I am therefore satisfied as I was in May 2010 that neither M nor K can return to their mother’s care either now or in the foreseeable future and in the absence of any other family members able to care for them the only order I can make is a care order to X Council so that they can take steps to plan for the children’s future.

 

7.

With regard to future contact, there appears to have been some initial confusion between the Social Worker and Children’s Guardian as to what exactly is being proposed.  However, it has been clarified to me at court today that contact between both girls and their mother has already been reduced to three times per year and this will continue until such time as definite plans have been made for the children’s future care.  If an adoptive placement is found it is likely that direct contact will be terminated and the girls will simply have indirect contact through the letter-box scheme.  However, if the long-term plan is for fostering then direct contact will continue at the same level as now subject as always to the statutory review process which will be able to take account of both the mother’s commitment to contact and the children’s wishes and feelings.

 

8.

I am informed that both M and K have continued to see their half-siblings, L and P, in line with the arrangements made at the last hearing (C186 and page 30 of my Judgement).  The Guardian has confirmed to me that she is in full agreement with these proposals.

 

9.

I must now consider the placement applications for M and K. Both children require a permanent, stable and loving home where all their needs can be met throughout their childhoods and into adolescence.
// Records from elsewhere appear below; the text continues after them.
(* There is a universal constant $C>0$ such that the following holds. Let $U=(u^1,\dots,u^m)$ be a viscosity solution of the vectorial one-phase problem in $B_1\subset\mathbb R^n$ and let $\varepsilon>0$ be such that $$|U-f^1x_n^+|\le\varepsilon\quad\text{in } B_1,\qquad |U|\equiv0\quad\text{in } B_1\cap\{x_n<-\varepsilon\},$$ where $f^1=(1,0,\dots,0)\in\mathbb R^m$. Then (i) for $i=2,\dots,m$, $|u^i|\le C\varepsilon(x_n+\varepsilon)^+$ in $B_{3/4}$; (ii) $x_n-\varepsilon\le u^1\le|U|\le(x_n+2\varepsilon)^+$ in $B_1$.
   Context: $t^+=\max\{t,0\}$; $x_n$ is the last coordinate of $x\in\mathbb R^n$. Definition (viscosity solution): $U\in C(\Omega,\mathbb R^m)$ is a viscosity solution of $\Delta U=0$ in $\Omega(U):=\Omega\cap\{|U|>0\}$, $|\nabla|U||=1$ on $F(U):=\Omega\cap\partial\Omega(U)$, if each component $u^i$ is harmonic in $\Omega(U)$ and, for every $x_0\in F(U)$ and every $\varphi\in C^2$ near $x_0$ with $|\nabla\varphi(x_0)|\ne0$: (i) if $|\nabla\varphi(x_0)|>1$, then for every unit vector $f\in\mathbb R^m$, $\langle U,f\rangle$ cannot be touched by below by $\varphi$ at $x_0$ (i.e. there is no such $\varphi$ with $\varphi(x_0)=\langle U,f\rangle(x_0)$ and $\varphi\le\langle U,f\rangle$ near $x_0$); (ii) if $|\nabla\varphi(x_0)|<1$, then $|U|$ cannot be touched by above by $\varphi$ at $x_0$. Universal constants depend only on $n$ and $m$. *)

theory Defs
  imports "HOL-Analysis.Analysis"
begin

text \<open>Coordinates: the index type is finite and linearly ordered; the last
coordinate x_n is the one at the largest index, and f^1 is the first basis vector.\<close>

definition last_idx :: "'n::{finite,linorder}" where
  "last_idx = Max UNIV"

definition first_idx :: "'m::{finite,linorder}" where
  "first_idx = Min UNIV"

definition xn :: "real ^ 'n::{finite,linorder} \<Rightarrow> real" where
  "xn x = x $ last_idx"

definition e1 :: "real ^ 'm::{finite,linorder}" where
  "e1 = axis first_idx 1"

definition partial :: "'n::finite \<Rightarrow> (real ^ 'n \<Rightarrow> real) \<Rightarrow> real ^ 'n \<Rightarrow> real" where
  "partial i \<phi> y = frechet_derivative \<phi> (at y) (axis i 1)"

definition grad :: "(real ^ 'n::finite \<Rightarrow> real) \<Rightarrow> real ^ 'n \<Rightarrow> real ^ 'n" where
  "grad \<phi> x = (\<chi> i. partial i \<phi> x)"

definition laplacian :: "(real ^ 'n::finite \<Rightarrow> real) \<Rightarrow> real ^ 'n \<Rightarrow> real" where
  "laplacian \<phi> x = (\<Sum>i\<in>UNIV. partial i (partial i \<phi>) x)"

definition C2_on :: "(real ^ 'n::finite) set \<Rightarrow> (real ^ 'n \<Rightarrow> real) \<Rightarrow> bool" where
  "C2_on S \<phi> \<longleftrightarrow>
     (\<forall>x\<in>S. \<phi> differentiable (at x)) \<and>
     (\<forall>i. \<forall>x\<in>S. partial i \<phi> differentiable (at x)) \<and>
     (\<forall>i j. continuous_on S (partial j (partial i \<phi>)))"

definition harmonic_on :: "(real ^ 'n::finite) set \<Rightarrow> (real ^ 'n \<Rightarrow> real) \<Rightarrow> bool" where
  "harmonic_on S u \<longleftrightarrow> C2_on S u \<and> (\<forall>x\<in>S. laplacian u x = 0)"

definition viscosity_solution ::
    "(real ^ 'n::finite) set \<Rightarrow> (real ^ 'n \<Rightarrow> real ^ 'm::finite) \<Rightarrow> bool" where
  "viscosity_solution \<Omega> U \<longleftrightarrow>
     continuous_on \<Omega> U \<and>
     (\<forall>i. harmonic_on (\<Omega> \<inter> {x. norm (U x) > 0}) (\<lambda>x. U x $ i)) \<and>
     (\<forall>x0 \<in> \<Omega> \<inter> frontier (\<Omega> \<inter> {x. norm (U x) > 0}).
        \<forall>\<phi> r. r > 0 \<longrightarrow> C2_on (ball x0 r) \<phi> \<longrightarrow> grad \<phi> x0 \<noteq> 0 \<longrightarrow>
          (norm (grad \<phi> x0) > 1 \<longrightarrow>
             (\<forall>f::real ^ 'm. norm f = 1 \<longrightarrow>
                \<not> (\<phi> x0 = U x0 \<bullet> f \<and> (\<forall>x \<in> ball x0 r \<inter> \<Omega>. \<phi> x \<le> U x \<bullet> f)))) \<and>
          (norm (grad \<phi> x0) < 1 \<longrightarrow>
             \<not> (\<phi> x0 = norm (U x0) \<and> (\<forall>x \<in> ball x0 r \<inter> \<Omega>. norm (U x) \<le> \<phi> x))))"

end

theory Submission
  imports Defs
begin

text \<open>
  Part (ii) is pointwise: U lies within epsilon of the ramp x_n^+ f^1 and vanishes below
  x_n = -epsilon. For part (i) fix a component u = u^i with i > 1, so that |u| <= epsilon.
  Near a point z with 0 < z_n + epsilon < 1/(8n), compare +-u with the quadratic barrier
    v(x) = epsilon (16n^2 (x_n + epsilon) - 128n^2 (n-1) (x_n + epsilon)^2
                    + 128n^2 sum_{j<n} (x_j - z_j)^2)
  on the box {-epsilon <= x_n <= 1/(8n) - epsilon, |x_j - z_j| <= 1/(8n)}. The barrier is
  harmonic, nonnegative on the box, and at least 2 epsilon on its lateral and top faces, while
  u vanishes on the bottom face and wherever U = 0 and is harmonic elsewhere; the weak maximum
  principle gives |u(z)| <= v(z) <= 16n^2 epsilon (z_n + epsilon). When z_n + epsilon >= 1/(8n)
  the bound |u| <= epsilon already suffices.
\<close>

lemma not_local_max_if_second_deriv_pos:
  fixes f f' :: "real \<Rightarrow> real"
  assumes r: "r > 0" and der: "\<And>s. \<bar>s\<bar> < r \<Longrightarrow> (f has_real_derivative f' s) (at s)"
    and der2: "(f' has_real_derivative d) (at 0)" and d: "d > 0"
  shows "\<exists>s. \<bar>s\<bar> < r \<and> f s > f 0"
proof (rule ccontr)
  assume "\<not> ?thesis"
  hence le: "\<And>s. \<bar>s\<bar> < r \<Longrightarrow> f s \<le> f 0" by auto
  have f'0: "f' 0 = 0"
    by (rule DERIV_local_max[OF der[of 0] r]) (use le r in auto)
  obtain e where e: "e > 0" "\<And>h. 0 < h \<Longrightarrow> h < e \<Longrightarrow> f' 0 < f' h"
    using DERIV_pos_inc_right[OF der2 d] by auto
  define h where "h = min e r / 2"
  have h: "0 < h" "h < e" "h < r" using e r by (auto simp: h_def)
  obtain z where z: "0 < z" "z < h" "f h - f 0 = h * f' z"
    using MVT2[of 0 h f f'] h der by force
  have "f' z > 0" using e z h f'0 by auto
  hence "f h > f 0" using z h by (simp add: algebra_simps)
  with le[of h] h show False by linarith
qed

lemma has_real_derivative_along_line:
  fixes w :: "'a::real_normed_vector \<Rightarrow> real"
  assumes "w differentiable (at (y + s *\<^sub>R e))"
  shows "((\<lambda>t. w (y + t *\<^sub>R e)) has_real_derivative frechet_derivative w (at (y + s *\<^sub>R e)) e) (at s)"
proof -
  let ?D = "frechet_derivative w (at (y + s *\<^sub>R e))"
  have dw: "(w has_derivative ?D) (at (y + s *\<^sub>R e))"
    using assms frechet_derivative_works by blast
  have "((\<lambda>t. y + t *\<^sub>R e) has_derivative (\<lambda>h. h *\<^sub>R e)) (at s)"
    by (auto intro!: derivative_eq_intros)
  from has_derivative_compose[OF this dw]
  have "((\<lambda>t. w (y + t *\<^sub>R e)) has_derivative (\<lambda>h. ?D (h *\<^sub>R e))) (at s)"
    by (simp add: o_def)
  moreover have "(\<lambda>h. ?D (h *\<^sub>R e)) = (\<lambda>h. ?D e * h)"
    using has_derivative_linear[OF dw] by (auto simp: linear_scale)
  ultimately show ?thesis
    by (simp add: has_field_derivative_def)
qed

lemma sum_components_add_axis:
  fixes F :: "'n::finite \<Rightarrow> real \<Rightarrow> 'a::ab_group_add"
  shows "(\<Sum>k\<in>UNIV. F k ((y + s *\<^sub>R axis j 1) $ k))
           = (\<Sum>k\<in>UNIV. F k (y $ k)) + (F j (y $ j + s) - F j (y $ j))"
proof -
  have "(\<Sum>k\<in>UNIV. F k ((y + s *\<^sub>R axis j 1) $ k))
          = (\<Sum>k\<in>UNIV. F k (y $ k) + (if k = j then F j (y $ j + s) - F j (y $ j) else 0))"
    by (rule sum.cong) (auto simp: axis_def)
  then show ?thesis by (simp add: sum.distrib)
qed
In my judgment this can best be achieved through adoption. As I have said, both children have already been considered by the Council’s Adoption Panel as suitable for adoption and if placement orders are made a search will begin to find an adoptive family. Both girls have benefited from the care they have received in their current placements but the sooner they can move to a permanent placement, the quicker they will be able to settle there.

 

10.

The mother does not consent to placement orders being made and I can only proceed to make such orders if I dispense with her consent which I am asked to do on the grounds that the welfare of both M and K requires that parental agreement be dispensed with. This, of course, mirrors the test which I must apply in considering the application generally, namely that the paramount consideration must be the welfare of M and K throughout their lives.

 

11.

For the reasons I have already given, and applying the welfare checklist set out in the Adoption and Children Act 2002, I am satisfied that the welfare of M and K dictates that placement orders should be made so as to safeguard their future care, and that for the same reasons the consent of the mother should be dispensed with.

 

12.

In arriving at this decision I am aware that neither child will be brought up in their birth family and will have only limited contact with their mother through the Council’s letter box scheme, but I am satisfied that these arrangements are the best that can be made in the circumstances and will help meet the needs of M and K for information about their biological family as they grow older.

 

13.

I therefore dispense with the consent of the mother and make placement orders in favour of X Council in respect of M and K. In doing, so I approve the care plans for each child.

 

14.

Heard before a District Judge on the 1 October 2010.